--- SUPPLIED DATA ---

lemma quad_form_schur_complement:
  assumes m: "m < d" and pivot: "Q $$ (m, m) \<noteq> 0"
  shows "quad_form d (schur_complement d Q m) v =
    quad_form d Q (\<lambda>i. v i - (if i = m then (\<Sum>j<d. Q $$ (m, j) * v j) / Q $$ (m, m) else 0))"
proof -
  define a where "a = Q $$ (m, m)"
  define c where "c = (\<Sum>j<d. Q $$ (m, j) * v j)"
  define r where "r = (\<Sum>i<d. cnj (v i) * Q $$ (i, m))"
  have "quad_form d (schur_complement d Q m) v =
      (\<Sum>i<d. \<Sum>j<d.
        cnj (v i) * Q $$ (i, j) * v j - (cnj (v i) * Q $$ (i, m)) * (Q $$ (m, j) * v j) / a)"
    unfolding quad_form_def schur_complement_def a_def
    by (intro sum.cong refl) (simp add: algebra_simps diff_divide_distrib)
  also have "\<dots> = quad_form d Q v - r * c / a"
    unfolding quad_form_def r_def c_def
    by (simp add: sum_subtractf sum_divide_distrib[symmetric] sum_distrib_left[symmetric]
        sum_distrib_right[symmetric])
  also have "\<dots> = quad_form d Q (\<lambda>i. v i - (if i = m then c / a else 0))"
  proof -
    have "quad_form d Q (\<lambda>i. v i - (if i = m then c / a else 0)) =
        quad_form d Q v - c / a * r - cnj (c / a) * c + cnj (c / a) * a * (c / a)"
      by (rule quad_form_sub_unit_vector[OF m, of Q v "c / a", folded r_def c_def a_def])
    also have "\<dots> = quad_form d Q v - r * c / a"
      using pivot by (simp add: a_def field_simps)
    finally show ?thesis by simp
  qed
  finally show ?thesis
    by (simp only: a_def c_def)
qed

lemma psd_schur_complement:
  assumes "psd d Q" "m < d" "Q $$ (m, m) \<noteq> 0"
  shows "psd d (schur_complement d Q m)"
proof -
  have "0 \<le> quad_form d (schur_complement d Q m) v" for v
    using assms by (simp add: quad_form_schur_complement psd_iff_quad_form)
  then show ?thesis
    by (simp add: psd_iff_quad_form schur_complement_def)
qed

lemma mtrace_mult_schur_complement:
  assumes Q: "psd d Q" and N: "N \<in> carrier_mat d d" and m: "m < d" and pivot: "Q $$ (m, m) \<noteq> 0"
  shows "mtrace (N * Q) =
    mtrace (N * schur_complement d Q m) + quad_form d N (\<lambda>j. Q $$ (j, m)) / Q $$ (m, m)"
proof -
  have "quad_form d N (\<lambda>j. Q $$ (j, m)) / Q $$ (m, m) =
      (\<Sum>i<d. \<Sum>j<d. N $$ (i, j) * (Q $$ (j, m) * Q $$ (m, i) / Q $$ (m, m)))"
    unfolding quad_form_def using psd_hermitian[OF Q m]
    by (simp add: sum_divide_distrib mult_ac)
  then show ?thesis
    using N psd_carrier[OF Q]
    by (simp add: mtrace_mult schur_complement_def sum.distrib[symmetric] algebra_simps)
qed

text \<open>Induction on the number of rows and columns of \<open>Q\<close> not yet cleared: each elimination step
  splits off \<open>q q\<^sup>* / Q$$(m, m)\<close>, whose trace against \<open>N\<close> is the value of the quadratic form of
  \<open>N\<close> at \<open>q\<close>.\<close>
lemma mtrace_mult_psd_nonneg_aux:
  assumes "psd d N" "psd d Q" "\<forall>i<d. \<forall>j<d. (i < m \<or> j < m) \<longrightarrow> Q $$ (i, j) = 0"
  shows "0 \<le> mtrace (N * Q)"
  using assms
proof (induction "d - m" arbitrary: m Q)
  case 0
  then have "\<forall>i<d. \<forall>j<d. Q $$ (j, i) = 0" by auto
  then show ?case
    using psd_carrier[OF "0.prems"(1)] psd_carrier[OF "0.prems"(2)] by (simp add: mtrace_mult)
next
  case (Suc k m Q)
  note N = Suc.prems(1) and Q = Suc.prems(2) and cleared = Suc.prems(3)
  have m: "m < d" and k: "k = d - Suc m" using Suc.hyps by auto
  show ?case
  proof (cases "Q $$ (m, m) = 0")
    case True
    have "Q $$ (m, j) = 0" "Q $$ (j, m) = 0" if "j < d" for j
      using psd_zero_diag_imp_zero_row[OF Q m that True] psd_hermitian[OF Q m that] by simp_all
    then have "\<forall>i<d. \<forall>j<d. (i < Suc m \<or> j < Suc m) \<longrightarrow> Q $$ (i, j) = 0"
      using cleared less_Suc_eq by auto
    then show ?thesis
      using Suc.hyps(1)[OF k N Q] by blast
  next
    case False
    define S where "S = schur_complement d Q m"
    have "\<forall>i<d. \<forall>j<d. (i < Suc m \<or> j < Suc m) \<longrightarrow> S $$ (i, j) = 0"
      using cleared False m by (auto simp: S_def schur_complement_def less_Suc_eq)
    then have "0 \<le> mtrace (N * S)"
      using Suc.hyps(1)[OF k N] psd_schur_complement[OF Q m False] by (simp add: S_def)
    moreover have "0 \<le> quad_form d N (\<lambda>j. Q $$ (j, m)) / Q $$ (m, m)"
      using N psd_iff_quad_form psd_diag_nonneg[OF Q m] by (simp add: complex_divide_nonneg)
    ultimately show ?thesis
      using mtrace_mult_schur_complement[OF Q psd_carrier[OF N] m False] by (simp add: S_def)
  qed
qed

lemma mtrace_mult_psd_nonneg: "psd d N \<Longrightarrow> psd d Q \<Longrightarrow> 0 \<le> mtrace (N * Q)"
  using mtrace_mult_psd_nonneg_aux[of d N Q 0] by simp

definition outer_mat :: "nat \<Rightarrow> (nat \<Rightarrow> complex) \<Rightarrow> complex mat" where
  "outer_mat d v = mat d d (\<lambda>(i, j). v i * cnj (v j))"

lemma psd_outer_mat: "psd d (outer_mat d v)"
  unfolding psd_iff_quad_form
proof (intro conjI allI)
  show "outer_mat d v \<in> carrier_mat d d"
    by (simp add: outer_mat_def)
  fix u
  define z where "z = (\<Sum>i<d. cnj (u i) * v i)"
  have "quad_form d (outer_mat d v) u = z * cnj z"
    by (simp add: quad_form_def outer_mat_def z_def sum_product sum_distrib_left mult_ac)
  then show "0 \<le> quad_form d (outer_mat d v) u"
    by (simp add: complex_mult_cnj less_eq_complex_def)
qed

---

WHAT IS REQUIRED:
Set down all of the records shown above once more, exactly.

EXERCISE ANSWER:
lemma quad_form_schur_complement:
  assumes m: "m < d" and pivot: "Q $$ (m, m) \<noteq> 0"
  shows "quad_form d (schur_complement d Q m) v =
    quad_form d Q (\<lambda>i. v i - (if i = m then (\<Sum>j<d. Q $$ (m, j) * v j) / Q $$ (m, m) else 0))"
proof -
  define a where "a = Q $$ (m, m)"
  define c where "c = (\<Sum>j<d. Q $$ (m, j) * v j)"
  define r where "r = (\<Sum>i<d. cnj (v i) * Q $$ (i, m))"
  have "quad_form d (schur_complement d Q m) v =
      (\<Sum>i<d. \<Sum>j<d.
        cnj (v i) * Q $$ (i, j) * v j - (cnj (v i) * Q $$ (i, m)) * (Q $$ (m, j) * v j) / a)"
    unfolding quad_form_def schur_complement_def a_def
    by (intro sum.cong refl) (simp add: algebra_simps diff_divide_distrib)
  also have "\<dots> = quad_form d Q v - r * c / a"
    unfolding quad_form_def r_def c_def
    by (simp add: sum_subtractf sum_divide_distrib[symmetric] sum_distrib_left[symmetric]
        sum_distrib_right[symmetric])
  also have "\<dots> = quad_form d Q (\<lambda>i. v i - (if i = m then c / a else 0))"
  proof -
    have "quad_form d Q (\<lambda>i. v i - (if i = m then c / a else 0)) =
        quad_form d Q v - c / a * r - cnj (c / a) * c + cnj (c / a) * a * (c / a)"
      by (rule quad_form_sub_unit_vector[OF m, of Q v "c / a", folded r_def c_def a_def])
    also have "\<dots> = quad_form d Q v - r * c / a"
      using pivot by (simp add: a_def field_simps)
    finally show ?thesis by simp
  qed
  finally show ?thesis
    by (simp only: a_def c_def)
qed

lemma psd_schur_complement:
  assumes "psd d Q" "m < d" "Q $$ (m, m) \<noteq> 0"
  shows "psd d (schur_complement d Q m)"
proof -
  have "0 \<le> quad_form d (schur_complement d Q m) v" for v
    using assms by (simp add: quad_form_schur_complement psd_iff_quad_form)
  then show ?thesis
    by (simp add: psd_iff_quad_form schur_complement_def)
qed

lemma mtrace_mult_schur_complement:
  assumes Q: "psd d Q" and N: "N \<in> carrier_mat d d" and m: "m < d" and pivot: "Q $$ (m, m) \<noteq> 0"
  shows "mtrace (N * Q) =
    mtrace (N * schur_complement d Q m) + quad_form d N (\<lambda>j. Q $$ (j, m)) / Q $$ (m, m)"
proof -
  have "quad_form d N (\<lambda>j. Q $$ (j, m)) / Q $$ (m, m) =
      (\<Sum>i<d. \<Sum>j<d. N $$ (i, j) * (Q $$ (j, m) * Q $$ (m, i) / Q $$ (m, m)))"
    unfolding quad_form_def using psd_hermitian[OF Q m]
    by (simp add: sum_divide_distrib mult_ac)
  then show ?thesis
    using N psd_carrier[OF Q]
    by (simp add: mtrace_mult schur_complement_def sum.distrib[symmetric] algebra_simps)
qed

text \<open>Induction on the number of rows and columns of \<open>Q\<close> not yet cleared: each elimination step
  splits off \<open>q q\<^sup>* / Q$$(m, m)\<close>, whose trace against \<open>N\<close> is the value of the quadratic form of
  \<open>N\<close> at \<open>q\<close>.\<close>
lemma mtrace_mult_psd_nonneg_aux:
  assumes "psd d N" "psd d Q" "\<forall>i<d. \<forall>j<d. (i < m \<or> j < m) \<longrightarrow> Q $$ (i, j) = 0"
  shows "0 \<le> mtrace (N * Q)"
  using assms
proof (induction "d - m" arbitrary: m Q)
  case 0
  then have "\<forall>i<d. \<forall>j<d. Q $$ (j, i) = 0" by auto
  then show ?case
    using psd_carrier[OF "0.prems"(1)] psd_carrier[OF "0.prems"(2)] by (simp add: mtrace_mult)
next
  case (Suc k m Q)
  note N = Suc.prems(1) and Q = Suc.prems(2) and cleared = Suc.prems(3)
  have m: "m < d" and k: "k = d - Suc m" using Suc.hyps by auto
  show ?case
  proof (cases "Q $$ (m, m) = 0")
    case True
    have "Q $$ (m, j) = 0" "Q $$ (j, m) = 0" if "j < d" for j
      using psd_zero_diag_imp_zero_row[OF Q m that True] psd_hermitian[OF Q m that] by simp_all
    then have "\<forall>i<d. \<forall>j<d. (i < Suc m \<or> j < Suc m) \<longrightarrow> Q $$ (i, j) = 0"
      using cleared less_Suc_eq by auto
    then show ?thesis
      using Suc.hyps(1)[OF k N Q] by blast
  next
    case False
    define S where "S = schur_complement d Q m"
    have "\<forall>i<d. \<forall>j<d. (i < Suc m \<or> j < Suc m) \<longrightarrow> S $$ (i, j) = 0"
      using cleared False m by (auto simp: S_def schur_complement_def less_Suc_eq)
    then have "0 \<le> mtrace (N * S)"
      using Suc.hyps(1)[OF k N] psd_schur_complement[OF Q m False] by (simp add: S_def)
    moreover have "0 \<le> quad_form d N (\<lambda>j. Q $$ (j, m)) / Q $$ (m, m)"
      using N psd_iff_quad_form psd_diag_nonneg[OF Q m] by (simp add: complex_divide_nonneg)
    ultimately show ?thesis
      using mtrace_mult_schur_complement[OF Q psd_carrier[OF N] m False] by (simp add: S_def)
  qed
qed

lemma mtrace_mult_psd_nonneg: "psd d N \<Longrightarrow> psd d Q \<Longrightarrow> 0 \<le> mtrace (N * Q)"
  using mtrace_mult_psd_nonneg_aux[of d N Q 0] by simp

definition outer_mat :: "nat \<Rightarrow> (nat \<Rightarrow> complex) \<Rightarrow> complex mat" where
  "outer_mat d v = mat d d (\<lambda>(i, j). v i * cnj (v j))"

lemma psd_outer_mat: "psd d (outer_mat d v)"
  unfolding psd_iff_quad_form
proof (intro conjI allI)
  show "outer_mat d v \<in> carrier_mat d d"
    by (simp add: outer_mat_def)
  fix u
  define z where "z = (\<Sum>i<d. cnj (u i) * v i)"
  have "quad_form d (outer_mat d v) u = z * cnj z"
    by (simp add: quad_form_def outer_mat_def z_def sum_product sum_distrib_left mult_ac)
  then show "0 \<le> quad_form d (outer_mat d v) u"
    by (simp add: complex_mult_cnj less_eq_complex_def)
qed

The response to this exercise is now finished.